Inclusion Criteria:

1. Patients who are scheduled for total thyroidectomy, and/or extensive neck dissections (pharyngectomy, laryngectomy, unilateral/bilateral/central neck, and/or mediastinal lymph node neck dissections).
2. Patients who develop, between 18-24 hours after surgery, hypocalcemia as defined by a corrected serum calcium <8.0mg/dL. [Corrected serum calcium (mg/dL) = Measured calcium + (4-albumin) x 0.8]

Exclusion Criteria:

1. Patients who have jejunal tubes
2. Patients <18 years old.
3. Treatment with teriparatide or calcitriol (Rocaltrol) within 1 month prior to surgery
4. Treatment with a bisphosphonate within 3 months prior to surgery
5. Hypercalcemia (corrected serum calcium >10.5mg/dL) or hypocalcemia (corrected serum calcium <8.4mg/dL) on preoperative labs (drawn within 21 days of surgery)

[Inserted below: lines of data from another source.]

lemma matrix_inv_2x2:
  fixes A :: "real^2^2"
  assumes "det A \<noteq> 0"
  shows "matrix_inv A = inverse2x2 A"
proof -
  have right: "A ** inverse2x2 A = mat 1" by (rule matrix_mul_inverse2x2[OF assms])
  hence left: "inverse2x2 A ** A = mat 1" using matrix_left_right_inverse by blast
  have "\<exists>A'. A ** A' = mat 1 \<and> A' ** A = mat 1" using left right by blast
  hence inv: "A ** matrix_inv A = mat 1"
    unfolding matrix_inv_def by (rule someI_ex[THEN conjunct1])
  have "matrix_inv A = (inverse2x2 A ** A) ** matrix_inv A" by (simp add: left)
  also have "\<dots> = inverse2x2 A ** (A ** matrix_inv A)" by (simp add: matrix_mul_assoc)
  also have "\<dots> = inverse2x2 A" by (simp add: inv)
  finally show ?thesis .
qed

lemma isCont_matrix_inv_2x2:
  fixes S :: "real^2^2"
  assumes "det S \<noteq> 0"
  shows "isCont matrix_inv S"
proof -
  have det_cont: "continuous_on UNIV (\<lambda>A::real^2^2. det A)"
    unfolding det_2 by (intro continuous_intros)
  have "open {A::real^2^2. det A \<noteq> 0}"
    by (rule open_Collect_neq[OF det_cont continuous_on_const])
  hence "\<forall>\<^sub>F A in nhds S. det A \<noteq> 0"
    using assms by (rule eventually_nhds_in_open[where s = "{A. det A \<noteq> 0}", simplified])
  hence eq: "\<forall>\<^sub>F A in nhds S. matrix_inv A = inverse2x2 A"
    by (rule eventually_mono) (rule matrix_inv_2x2)
  have "(det \<longlongrightarrow> det S) (at S)"
    using det_cont by (simp add: continuous_on_eq_continuous_at isCont_def)
  hence "isCont inverse2x2 S"
    unfolding isCont_def inverse2x2_def
    apply (intro tendsto_vec_lambda tendsto_divide)
    subgoal for i j by (cases "i = 1"; cases "j = 1") (auto intro!: tendsto_intros)
    using assms by auto
  thus ?thesis using isCont_cong[OF eq] by blast
qed

lemma positive_definite_invertible:
  fixes S :: "real^'n^'n"
  assumes "\<And>x. x \<noteq> 0 \<Longrightarrow> x \<bullet> (S *v x) > 0"
  shows "invertible S"
proof -
  have "x = 0" if "S *v x = 0" for x
    using assms[of x] that by (cases "x = 0") simp_all
  hence "\<forall>x. S *v x = 0 \<longrightarrow> x = 0" by blast
  thus ?thesis
    unfolding invertible_left_inverse matrix_left_invertible_ker .
qed

lemma continuous_on_matrix_vector_mult [continuous_intros]:
  fixes f :: "'a::topological_space \<Rightarrow> real^'n^'m" and g :: "'a \<Rightarrow> real^'n"
  assumes "continuous_on S f" "continuous_on S g"
  shows "continuous_on S (\<lambda>x. f x *v g x)"
  unfolding matrix_vector_mult_def
  by (intro continuous_on_vec_lambda continuous_intros continuous_on_component assms)

section \<open>Uniform approximation and finite grids\<close>

lemma eventually_uniformly_close_on_compact:
  fixes q :: "'c::topological_space \<Rightarrow> 'b::topological_space \<Rightarrow> 'd::metric_space"
  assumes q: "continuous_on UNIV (case_prod q)" and K: "compact K"
    and p: "(p \<longlongrightarrow> p0) F" and e: "e > 0"
  shows "\<forall>\<^sub>F n in F. \<forall>x\<in>K. dist (q (p n) x) (q p0 x) \<le> e"
proof -
  have "continuous_on (UNIV \<times> K) (case_prod q)"
    using q by (rule continuous_on_subset) simp
  then obtain P where "p0 \<in> P" "open P" and close: "\<forall>y\<in>P. \<forall>x\<in>K. dist (q y x) (q p0 x) \<le> e"
    by (rule continuous_on_prod_compactE[OF _ K UNIV_I e]) auto
  hence "\<forall>\<^sub>F n in F. p n \<in> P" using p by (intro topological_tendstoD)
  thus ?thesis by (rule eventually_mono) (use close in blast)
qed

lemma uniformly_continuous_finite_left_grid:
  fixes G :: "real \<Rightarrow> real"
  assumes cont: "continuous_on {L-1..U} G" and e: "e > 0"
  obtains A \<delta> where "finite A" "\<delta> > 0" "\<And>t. t \<in> {L..U} \<Longrightarrow> \<exists>a\<in>A. a + \<delta> \<le> t \<and> G t - e < G a"
proof -
  have "uniformly_continuous_on {L-1..U} G"
    using cont by (rule compact_uniformly_continuous) simp
  then obtain d where "d > 0" and
    d: "\<And>x y. x \<in> {L-1..U} \<Longrightarrow> y \<in> {L-1..U} \<Longrightarrow> dist y x < d \<Longrightarrow> dist (G y) (G x) < e"
    unfolding uniformly_continuous_on_def using e by metis
  define \<delta> where "\<delta> = min d 1 / 3"
  have \<delta>: "\<delta> > 0" "3 * \<delta> \<le> d" "3 * \<delta> \<le> 1" using \<open>d > 0\<close> by (auto simp: \<delta>_def)
  obtain S where "S \<subseteq> {L..U}" "finite S" and S: "{L..U} \<subseteq> (\<Union>s\<in>S. ball s \<delta>)"
    by (rule compactE_image[of "{L..U}" "{L..U}" "\<lambda>s. ball s \<delta>"]) (use \<delta> in auto)
  \<comment> \<open>Each grid point lies between \<open>2\<delta>\<close> and \<open>3\<delta>\<close> to the left of the points it controls.\<close>
  show thesis
  proof (rule that[of "(\<lambda>s. s - 2 * \<delta>) ` S" \<delta>])
    show "finite ((\<lambda>s. s - 2 * \<delta>) ` S)" using \<open>finite S\<close> by simp
    show "\<delta> > 0" by (rule \<delta>)
    fix t assume t: "t \<in> {L..U}"
    then obtain s where "s \<in> S" "dist s t < \<delta>" using S by force
    hence a: "s - 2 * \<delta> + \<delta> \<le> t" "s - 2 * \<delta> \<in> {L-1..U}" "dist (s - 2 * \<delta>) t < d"
      using \<delta> t by (auto simp: dist_real_def)
    hence "dist (G (s - 2 * \<delta>)) (G t) < e" using d[of t "s - 2 * \<delta>"] t by simp
    hence "G t - e < G (s - 2 * \<delta>)" unfolding dist_real_def by (simp only: abs_less_iff) linarith
    thus "\<exists>a\<in>(\<lambda>s. s - 2 * \<delta>) ` S. a + \<delta> \<le> t \<and> G t - e < G a" using a \<open>s \<in> S\<close> by blast
  qed
qed

lemma continuous_cdf_finite_grid:
  fixes G :: "real \<Rightarrow> real"
  assumes mono: "mono G" and cont: "continuous_on UNIV G"
    and bot: "(G \<longlongrightarrow> 0) at_bot" and top: "(G \<longlongrightarrow> 1) at_top" and e: "e > 0"
  obtains A \<delta> where "finite A" "\<delta> > 0" "\<And>t. G t \<le> e \<or> (\<exists>a\<in>A. a + \<delta> \<le> t \<and> G t - e \<le> G a)"
proof -
  have le1: "G t \<le> 1" for t
  proof (rule tendsto_le[OF trivial_limit_at_top_linorder top tendsto_const])
    show "\<forall>\<^sub>F x in at_top. G t \<le> G x"
      using eventually_ge_at_top[of t] by (rule eventually_mono) (rule monoD[OF mono])
  qed
  obtain L where L: "G L \<le> e"
    using order_tendstoD(2)[OF bot e] by (meson eventually_at_bot_linorder order_refl less_imp_le)
  obtain U where U: "1 - e/2 < G U" "L \<le> U"
  proof -
    obtain N where "\<And>t. t \<ge> N \<Longrightarrow> 1 - e/2 < G t"
      using order_tendstoD(1)[OF top, of "1 - e/2"] e by (auto simp: eventually_at_top_linorder)
    thus thesis by (intro that[of "max N L"]) auto
  qed
  obtain A \<delta> where "finite A" "\<delta> > 0"
    and grid: "\<And>t. t \<in> {L..U} \<Longrightarrow> \<exists>a\<in>A. a + \<delta> \<le> t \<and> G t - e/2 < G a"
    by (rule uniformly_continuous_finite_left_grid[of L U G "e/2"])
       (use cont e in \<open>auto intro: continuous_on_subset\<close>)
  show thesis
  proof (rule that[OF \<open>finite A\<close> \<open>\<delta> > 0\<close>])
    fix t
    consider "t < L" | "t \<in> {L..U}" | "U < t" by force
    thus "G t \<le> e \<or> (\<exists>a\<in>A. a + \<delta> \<le> t \<and> G t - e \<le> G a)"
    proof cases
      case 1 thus ?thesis using L monoD[OF mono, of t L] by simp
    next
      case 2 thus ?thesis using grid[of t] e by force
    next
      case 3
      then obtain a where "a \<in> A" "a + \<delta> \<le> t" "G U - e/2 < G a"
        using grid[of U] U by force
      thus ?thesis using le1[of t] U(1) by force
    qed
  qed
qed

section \<open>Distribution functions of real-valued maps\<close>

lemma borel_measurable_if_sets_eq_borel:
  assumes "sets H = sets borel" "g \<in> borel_measurable borel"
  shows "g \<in> borel_measurable H"
  by (subst measurable_cong_sets[OF assms(1) refl]) (rule assms(2))

lemma cdf_distr_eq_measure:
  fixes H :: "'b::topological_space measure" and g :: "'b \<Rightarrow> real"
  assumes H: "sets H = sets borel" and g: "g \<in> borel_measurable borel"
  shows "cdf (distr H borel g) t = measure H {x. g x \<le> t}"
proof -
  have "cdf (distr H borel g) t = measure H (g -` {..t} \<inter> space H)"
    unfolding cdf_def by (rule measure_distr) (simp_all add: borel_measurable_if_sets_eq_borel[OF H g])
  also have "g -` {..t} \<inter> space H = {x. g x \<le> t}"
    using sets_eq_imp_space_eq[OF H] by auto
  finally show ?thesis .
qed

lemma real_distribution_distr_borel:
  fixes H :: "'b::topological_space measure" and g :: "'b \<Rightarrow> real"
  assumes "prob_space H" "sets H = sets borel" "g \<in> borel_measurable borel"
  shows "real_distribution (distr H borel g)"
  using borel_measurable_if_sets_eq_borel[OF assms(2,3)]
  by (rule prob_space.real_distribution_distr[OF assms(1)])

lemma continuous_distribution_finite_grid:
  fixes H :: "'b::topological_space measure" and g :: "'b \<Rightarrow> real"
  assumes H: "prob_space H" "sets H = sets borel" and g: "g \<in> borel_measurable borel"
    and cont: "continuous_on UNIV (\<lambda>t. measure H {x. g x \<le> t})" and e: "e > 0"
  obtains A \<delta> where "finite A" "\<delta> > 0"
    "\<And>t. measure H {x. g x \<le> t} \<le> e \<or>
         (\<exists>a\<in>A. a + \<delta> \<le> t \<and> measure H {x. g x \<le> t} - e \<le> measure H {x. g x \<le> a})"
proof -
  interpret G: real_distribution "distr H borel g"
    by (rule real_distribution_distr_borel[OF H g])
  let ?G = "cdf (distr H borel g)"
  have G_eq: "?G t = measure H {x. g x \<le> t}" for t
    by (rule cdf_distr_eq_measure[OF H(2) g])
  show thesis
  proof (rule continuous_cdf_finite_grid[of ?G e])
    show "mono ?G" by (intro monoI G.cdf_nondecreasing)
    show "continuous_on UNIV ?G" using cont by (simp add: G_eq)
    fix A \<delta> assume grid: "finite A" "\<delta> > 0"
      "\<And>t. ?G t \<le> e \<or> (\<exists>a\<in>A. a + \<delta> \<le> t \<and> ?G t - e \<le> ?G a)"
    show thesis by (rule that[OF grid(1,2)]) (use grid(3) in \<open>simp only: G_eq\<close>)
  qed (rule G.cdf_lim_at_bot, rule G.cdf_lim_at_top_prob, rule e)
qed

lemma measure_le_measure_Int_cball:
  fixes H :: "'b::real_normed_vector measure"
  assumes H: "prob_space H" "sets H = sets borel" and e: "e > 0"
  obtains R where "\<And>S. S \<in> sets borel \<Longrightarrow> measure H S \<le> measure H (S \<inter> cball 0 R) + e"
proof -
  interpret H: prob_space H by (rule H(1))
  interpret N: real_distribution "distr H borel norm"
    by (rule real_distribution_distr_borel[OF H]) simp
  from order_tendstoD(1)[OF N.cdf_lim_at_top_prob, of "1 - e"] e
  obtain R where "1 - e < cdf (distr H borel norm) R"
    unfolding eventually_at_top_linorder by auto
  moreover have "{x::'b. norm x \<le> R} = cball 0 R" by auto
  ultimately have R: "1 - e < measure H (cball 0 R)"
    using cdf_distr_eq_measure[OF H(2), of norm R] by simp
  have C: "cball 0 R \<in> sets H" using H(2) by simp
  show thesis
  proof (rule that[of R])
    fix S :: "'b set" assume "S \<in> sets borel"
    hence S: "S \<in> sets H" using H(2) by simp
    have "measure H S = measure H (S \<inter> cball 0 R) + measure H (S - cball 0 R)"
      using H.finite_measure_Diff'[OF S C] by simp
    also have "measure H (S - cball 0 R) \<le> measure H (space H - cball 0 R)"
      using S C by (intro H.finite_measure_mono) (auto dest: sets.sets_into_space)
    also have "\<dots> = 1 - measure H (cball 0 R)" by (rule H.prob_compl[OF C])
    finally show "measure H S \<le> measure H (S \<inter> cball 0 R) + e" using R by linarith
  qed
qed

section \<open>Empirical frequencies and distribution functions\<close>

lemma (in prob_space) prob_frequency_le:
  fixes X :: "nat \<Rightarrow> 'a \<Rightarrow> 'b::topological_space"
  assumes X_rv: "\<And>i. i \<ge> 1 \<Longrightarrow> random_variable borel (X i)"
    and X_indep: "indep_vars (\<lambda>_. borel) X {1..}"
    and X_dist: "\<And>i. i \<ge> 1 \<Longrightarrow> distr M borel (X i) = H"
    and E: "E \<in> sets borel" and e: "e > 0"
  shows "prob {\<omega>\<in>space M. real (card {i\<in>{1..n}. X i \<omega> \<in> E}) / real n \<le> measure H E - e}
           \<le> exp (-2 * e\<^sup>2) ^ n"
proof (cases "n = 0")
  case True thus ?thesis by simp
next
  case False
  define Z where "Z i \<omega> = (indicator E (X i \<omega>) :: real)" for i \<omega>
  have Z_rv: "random_variable borel (Z i)" if "i \<ge> 1" for i
    unfolding Z_def using X_rv[OF that] E by measurable
  have Z_distr: "distr M borel (Z i) = distr H borel (indicator E)" if "i \<ge> 1" for i
    unfolding Z_def X_dist[OF that, symmetric]
    by (subst distr_distr) (use X_rv[OF that] E in \<open>auto simp: comp_def\<close>)
  have "expectation (Z 1) = integral\<^sup>L H (indicator E)"
    unfolding Z_def X_dist[of 1, symmetric, OF order_refl]
    by (subst integral_distr) (use X_rv[of 1] E in auto)
  also have "\<dots> = measure H E"
  proof -
    have "space H = UNIV" using X_dist[of 1] by (metis order_refl space_borel space_distr)
    thus ?thesis by simp
  qed
  finally have mean: "expectation (Z 1) = measure H E" .
  interpret Z: Hoeffding_ineq_iid M "{1..n}" Z "Z 1" 0 1 "expectation (Z 1)"
  proof unfold_locales
    show "indep_vars (\<lambda>_. borel) Z {1..n}"
      unfolding Z_def
      by (rule indep_vars_compose2[OF indep_vars_subset[OF X_indep]]) (use E in auto)
    show "distr M borel (Z i) = distr M borel (Z 1)" if "i \<in> {1..n}" for i
      using that by (simp add: Z_distr)
    show "AE x in M. Z 1 x \<in> {0..1}" by (simp add: Z_def)
  qed (simp_all add: Z_rv)
  have count: "(\<Sum>i\<in>{1..n}. Z i \<omega>) = real (card {i\<in>{1..n}. X i \<omega> \<in> E})" for \<omega>
    unfolding Z_def indicator_def by (simp add: sum.If_cases Int_def conj_ac)
  have "prob {\<omega>\<in>space M. (\<Sum>i\<in>{1..n}. Z i \<omega>) / real (card {1..n}) \<le> expectation (Z 1) - e}
          \<le> exp (-2 * real (card {1..n}) * e\<^sup>2 / (1 - 0)\<^sup>2)"
    by (rule Z.Hoeffding_ineq_le') (use e False in auto)
  thus ?thesis
    unfolding count mean by (simp add: exp_of_nat_mult[symmetric] mult_ac)
qed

6. Paget's disease of bone
7. Elevated alkaline phosphatase > institutional upper limit of normal (ULN)
8. History of external beam irradiation to the skeleton
9. History of skeletal metastases
10. History of untreated gout
11. History of unstable angina pectoris
12. History of symptomatic orthostatic hypotension
13. Pregnancy (as screened by a serum/urine pregnancy test) or breast-feeding. Female subjects of childbearing potential must have a negative pregnancy test within 7 days of surgery. Postmenopausal women (absence of menses for 12 months) or women with history of hysterectomy or bilateral oophorectomy will not be required to have a pregnancy test. Male and female patients of reproductive potential must agree to utilize an effective form of contraception throughout the study period. The definition of effective contraception will be based on the judgment of the Investigator or designated associate.

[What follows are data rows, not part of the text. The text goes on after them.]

(* Let $G$ and $H$ be countable groups and let $\mathfrak{w}$ be an absolutely generating probability measure on $G$. Let $(X,\mu)$ be a standard probability space, let $(\mathsf{A},\mathsf{B})$ be an ergodic p.m.p. action of $G\times H$ on $(X,\mu)$, and let $D$ be a $\mathsf{B}$-invariant measurable set. Then for every $p\in[1,\infty)$, \[\lim_{n\to\infty}\|\mu(D)-\mathsf{A}(\mathfrak{w}^{\ast n})\mathbf{1}_D\|_p=0.\]
   Context: A p.m.p. action of $G\times H$ is a commuting pair $(\mathsf{A},\mathsf{B})$ of p.m.p. actions of $G$ and $H$; it is ergodic if every set invariant under both has measure $0$ or $1$. $D$ is $\mathsf{B}$-invariant if $\mu(\mathsf{B}^hD\triangle D)=0$ for all $h\in H$. A probability measure $\mathfrak{w}$ on $G$ is absolutely generating if it is symmetric ($\mathfrak{w}(g)=\mathfrak{w}(g^{-1})$) and the support of $\mathfrak{w}\ast\mathfrak{w}$ generates $G$; $\mathfrak{w}^{\ast n}$ denotes the $n$-fold convolution power. $[\mathsf{A}(\mathfrak{w})\psi](x)=\sum_{g\in G}\mathfrak{w}(g)\psi(\mathsf{A}^gx)$; $\mu(D)$ is regarded as a constant function; $\mathbf{1}_D$ is the indicator function. *)

theory Defs
  imports "HOL-Probability.Probability"
begin

text \<open>Groups are written additively (class group_add, not necessarily commutative).\<close>

inductive_set gen_subgroup :: "'g::group_add set \<Rightarrow> 'g set" for S where
  gen_base: "s \<in> S \<Longrightarrow> s \<in> gen_subgroup S"
| gen_zero: "0 \<in> gen_subgroup S"
| gen_add: "a \<in> gen_subgroup S \<Longrightarrow> b \<in> gen_subgroup S \<Longrightarrow> a + b \<in> gen_subgroup S"
| gen_uminus: "a \<in> gen_subgroup S \<Longrightarrow> - a \<in> gen_subgroup S"

definition conv_pmf :: "'g::group_add pmf \<Rightarrow> 'g pmf \<Rightarrow> 'g pmf" where
  "conv_pmf v w = map_pmf (\<lambda>(a, b). a + b) (pair_pmf v w)"

fun conv_pow :: "'g::group_add pmf \<Rightarrow> nat \<Rightarrow> 'g pmf" where
  "conv_pow w 0 = return_pmf 0"
| "conv_pow w (Suc n) = conv_pmf (conv_pow w n) w"

definition absolutely_generating :: "'g::group_add pmf \<Rightarrow> bool" where
  "absolutely_generating w \<longleftrightarrow>
     (\<forall>g. pmf w g = pmf w (- g)) \<and> gen_subgroup (set_pmf (conv_pmf w w)) = UNIV"

definition pmp_action :: "'x measure \<Rightarrow> ('g::group_add \<Rightarrow> 'x \<Rightarrow> 'x) \<Rightarrow> bool" where
  "pmp_action M A \<longleftrightarrow> (\<forall>g. A g \<in> measurable M M \<and> distr M M (A g) = M) \<and> A 0 = id \<and>
     (\<forall>g h. A (g + h) = A g \<circ> A h)"

definition ae_invariant :: "'x measure \<Rightarrow> ('g \<Rightarrow> 'x \<Rightarrow> 'x) \<Rightarrow> 'x set \<Rightarrow> bool" where
  "ae_invariant M A S \<longleftrightarrow> (\<forall>g. measure M ((A g ` S - S) \<union> (S - A g ` S)) = 0)"

definition ergodic_pair :: "'x measure \<Rightarrow> ('g \<Rightarrow> 'x \<Rightarrow> 'x) \<Rightarrow> ('h \<Rightarrow> 'x \<Rightarrow> 'x) \<Rightarrow> bool" where
  "ergodic_pair M A B \<longleftrightarrow> (\<forall>S \<in> sets M. ae_invariant M A S \<and> ae_invariant M B S \<longrightarrow>
     measure M S = 0 \<or> measure M S = 1)"

definition action_op :: "('g \<Rightarrow> 'x \<Rightarrow> 'x) \<Rightarrow> 'g pmf \<Rightarrow> ('x \<Rightarrow> real) \<Rightarrow> 'x \<Rightarrow> real" where
  "action_op A v \<psi> x = (\<Sum>\<^sub>\<infinity>g. pmf v g * \<psi> (A g x))"

end

theory Submission
  imports Defs
begin

text \<open>
  Write \<open>P = A(w)\<close> and \<open>f = 1_D - \<mu>(D)\<close>. Symmetry of \<open>w\<close> makes \<open>P\<close> self-adjoint on L2, so
  \<open>a(n) = \<parallel>P^n f\<parallel>\<^sup>2\<close> is non-increasing (Jensen) and \<open>\<langle>P^i f, P^j f\<rangle>\<close> depends only on \<open>i + j\<close>.
  Hence \<open>\<parallel>P^2n f - P^2m f\<parallel>\<^sup>2 = a(2n) + a(2m) - 2 a(n + m)\<close> tends to 0, and a subsequence of the
  even steps converges almost everywhere to some \<open>g\<close>. The energy identity
  \<open>E_{s ~ w*w} \<parallel>h \<circ> A^s - h\<parallel>\<^sup>2 = 2 \<parallel>h\<parallel>\<^sup>2 - 2 \<parallel>P h\<parallel>\<^sup>2\<close> for \<open>h = P^2n f\<close> shows that \<open>g\<close> is
  \<open>A^s\<close>-invariant for \<open>s\<close> in the support of \<open>w * w\<close>, hence for all \<open>s \<in> G\<close>, and \<open>g\<close> inherits
  \<open>B\<close>-invariance from \<open>f\<close>. By ergodicity \<open>g\<close> is the constant \<open>\<integral>g = \<integral>f = 0\<close>, so
  \<open>lim a(n) = \<langle>f, g\<rangle> = 0\<close>. Since \<open>|P^n f| \<le> 1\<close>, the Lp norm is controlled by the L2 norm.
\<close>

section \<open>Expectations with respect to a pmf\<close>

lemma integrable_measure_pmf_bounded:
  fixes K :: "'a \<Rightarrow> real"
  assumes "\<And>s. \<bar>K s\<bar> \<le> C"
  shows "integrable (measure_pmf v) K"
  by (rule measure_pmf.integrable_const_bound[where B=C]) (auto simp: assms)

lemma abs_expectation_pmf_le:
  fixes K :: "'a \<Rightarrow> real"
  assumes "\<And>s. \<bar>K s\<bar> \<le> C"
  shows "\<bar>measure_pmf.expectation v K\<bar> \<le> C"
proof -
  have "\<bar>measure_pmf.expectation v K\<bar> \<le> measure_pmf.expectation v (\<lambda>s. \<bar>K s\<bar>)"
    by (rule integral_abs_bound)
  also have "\<dots> \<le> measure_pmf.expectation v (\<lambda>s. C)"
    by (rule integral_mono) (auto intro: integrable_measure_pmf_bounded[where C=C] simp: assms)
  finally show ?thesis by simp
qed

lemma expectation_pmf_Fubini:
  fixes v :: "'g::countable pmf" and F :: "'g \<Rightarrow> 'y \<Rightarrow> real"
  assumes N: "prob_space N" and F: "\<And>s. F s \<in> borel_measurable N" and "\<And>s y. \<bar>F s y\<bar> \<le> C"
  shows "(\<lambda>y. \<integral>s. F s y \<partial>v) \<in> borel_measurable N"
    and "(\<integral>y. (\<integral>s. F s y \<partial>v) \<partial>N) = (\<integral>s. (\<integral>y. F s y \<partial>N) \<partial>v)"
proof -
  interpret pair_prob_space "measure_pmf v" N
    by (simp add: pair_prob_space.intro measure_pmf.prob_space_axioms N pair_sigma_finite_def
       prob_space_imp_sigma_finite)
  have "(\<lambda>(s, y). F s y) \<in> borel_measurable (count_space UNIV \<Otimes>\<^sub>M N)"
    by (rule measurable_pair_measure_countable1) (auto simp: F)
  then have "(\<lambda>(s, y). F s y) \<in> borel_measurable (measure_pmf v \<Otimes>\<^sub>M N)"
    by (subst measurable_cong_sets[OF
        sets_pair_measure_cong[OF sets_measure_pmf_count_space refl] refl])
  then have int: "integrable (measure_pmf v \<Otimes>\<^sub>M N) (\<lambda>(s, y). F s y)"
    by (intro integrable_const_bound[where B=C]) (auto simp: assms)
  show "(\<lambda>y. \<integral>s. F s y \<partial>v) \<in> borel_measurable N"
    using integrable_snd[OF int] by auto
  show "(\<integral>y. (\<integral>s. F s y \<partial>v) \<partial>N) = (\<integral>s. (\<integral>y. F s y \<partial>N) \<partial>v)"
    using Fubini_integral[OF int] .
qed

14. Hepatic and renal dysfunction defined by the following parameters: (a) Serum AST (SGOT) and ALT (SGPT) > 3 times the institutional ULN, (b) Total serum bilirubin > 2 times the institutional ULN, (c) Serum creatinine > 1.5mg/dL or estimated creatinine clearance < 40mL/min
15. Psychiatric illness or social situation that would limit compliance with study requirements
16. Concomitant use of digoxin
17. Patients may not be receiving any other investigational agents or have participated in any investigational drug study within 28 days preceding the start of study treatment.